With $8b you could buy back the electricity generators, or most of Fonterra. You have to ask what the best use of $8b of taxpayer funding is for New Zealand.
Some iwi lack the local infrastructure to get housing onto their land.
The current governments idea of their funding infrastructure for property development and then on-selling this as a debt against the housing (lease charges) is an urban construct – given it would be iwi owned land in the regions.
While the government is giving loans for social housing to those who own land, this again will not apply if there is not the infrastructure in place.
So a Green MOW provision of the infrastructure ensures this land is enabled for housing.
Can you give an example?
How? The fund is not yet established.
Infrastructure investment, such as in broadband roll-out, is very productive.
Being able to manage road loss and preventing flood damage is essential to maintaining the existing economy, which is not nothing.
The Green fund is for broadband rollout? I thought National did that 10 years ago.
And roads? There's NZTA and Council funds for that already.
Is this proposal more than a large Jobs For Nature?
It needs a whole bunch more than a media release and a set of bullet points on a website.
1.You claimed infrastructure spending was not productive. I gave an example.
Maintaining infrastructure for the existing economy also has value.
2.Yes, roads are replaced once lost – but this takes time and impacts on the economy. Such as coastal shipping allows them to cope – the navy ship will not always be available. We either have ship/ships available, or have access to one/them when needed.
3.Councils are developing plans for flood protection, but will lack the resources to enact them.
The infrastructure proposed for being spent is unproductive and isn't being paid for by the fund. Irrelevant example.
If this fund is proposed as a part replacement for NLTF then it should say so.
This isn't a policy yet it's a flag-wave while they think about writing one.
Coastal shipping has nothing to do with NLTF.
Many provincial areas cannot afford the cost of flood protection.
Labour agreed to a PGF, sans details.
Ok, but then how would these essential jobs get done? eg tree planting.
How many more volunteer groups planting trees and weeding and watering does New Zealand need? We have thousands. It just sounds like Jobs For Nature again.
Also it depends on the kinds of trees. I don't want to subsidise pine trees when there are plenty of companies doing it already. But I'll sure be up the Lindis Pass this weekend planting tussock and some hardy Meulenbeccia.
https://climateandnature.org.nz/solutions/new-zealand-ecosystems/forests/
from a climate pov, we need a lot more tree planting than volunteers can manage, they already have their hands full.
It *is Jobs for Nature.
If you're not into the mass planting of trees, then isn't the job creation an essential part of the economy?
Many of those voluntary work projects (some near waterways, others in protected areas) often take years because they lack the labour.

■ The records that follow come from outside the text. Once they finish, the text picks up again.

lemma axis2_fixed_chars:
  assumes "is_aut \<phi>" and "even (ab12 \<phi>)" and "odd (ab11 \<phi>)"
  shows "axis 2 \<subseteq> fixed_chars \<phi> \<longleftrightarrow> ab12 \<phi> mod 4 \<noteq> 2"
    and "axis 2 \<subseteq> fixed_chars (endo_comp \<phi> \<phi>)"
proof -
  obtain k V where "induces_dic_endo axis2_hom \<phi> (ab12 \<phi> mod 4 = 2, k) V"
    using axis2_hom_induces assms(2,3) by blast
  moreover have "dic_word axis2_hom [(Gb, False)] = dic_t"
    by (simp add: axis2_hom_def dic_letter_def dic_q_def dic_t_def)
  moreover have "(0, 1, 0) \<in> axis 2"
    "\<And>\<rho>. char_coords \<rho> = (0, 1, 0) \<Longrightarrow> trace (eval_word \<rho> [(Gb, False)]) \<noteq> 0"
    by (auto simp: axis_def char_coords_def)
  ultimately show "axis 2 \<subseteq> fixed_chars \<phi> \<longleftrightarrow> ab12 \<phi> mod 4 \<noteq> 2"
    "axis 2 \<subseteq> fixed_chars (endo_comp \<phi> \<phi>)"
    using axis_fixed_chars_iff[OF assms(1) _ _ axis2_factors_through_dic axis_subset_SL2_chars] by blast+
qed

lemma axis3_fixed_chars:
  assumes "is_aut \<phi>" and "ab_det \<phi> = 1" and "even (ab12 \<phi>)" and "even (ab21 \<phi>)"
  shows "axis 3 \<subseteq> fixed_chars \<phi> \<longleftrightarrow> ab12 \<phi> mod 4 = ab21 \<phi> mod 4"
    and "axis 3 \<subseteq> fixed_chars (endo_comp \<phi> \<phi>)"
proof -
  obtain k V where "induces_dic_endo axis3_hom \<phi> (ab12 \<phi> mod 4 \<noteq> ab21 \<phi> mod 4, k) V"
    using axis3_hom_induces assms(2-4) by blast
  moreover have "dic_word axis3_hom [(Ga, False), (Gb, False)] = dic_t"
    by (simp add: axis3_hom_def dic_letter_def dic_q_def dic_t_def)
  moreover have "(0, 0, 1) \<in> axis 3"
    "\<And>\<rho>. char_coords \<rho> = (0, 0, 1) \<Longrightarrow> trace (eval_word \<rho> [(Ga, False), (Gb, False)]) \<noteq> 0"
    by (auto simp: axis_def char_coords_def)
  ultimately show "axis 3 \<subseteq> fixed_chars \<phi> \<longleftrightarrow> ab12 \<phi> mod 4 = ab21 \<phi> mod 4"
    "axis 3 \<subseteq> fixed_chars (endo_comp \<phi> \<phi>)"
    using axis_fixed_chars_iff[OF assms(1) _ _ axis3_factors_through_dic axis_subset_SL2_chars] by blast+
qed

Funding that labour changes the time frame.
speaking of Jones, in the 2017 election campaign, the Greens Kiwi Climate Fund policy included this,
no link, it's from a PDF I have on my laptop.
my memory of that election was that because NZF held the balance of power, they were able to take the policy and turn it into the pine plantation scheme that Jones wanted (because jobs/economy mattered more than climate/ecology).
I feel very confident that GP policy will focus on native restoration, and mixed forestry, where land restoration is the priority.
This is great.
This is what I like about the Greens, real hands on stuff that can be pointed at. Better than anything from this regime and better than what I have heard from labour.
The Provincial Growth Fund was popular …in the provinces. Although I heard some criticism of it up North when a mate pointed to several BIG piles of railway sleepers intended for upgraded/maintenance of rail that looks like they wont be used.
A Ministry of Works! Dare to dream. Solar installs on every school to start with.
The concept is there, they need more help with funding.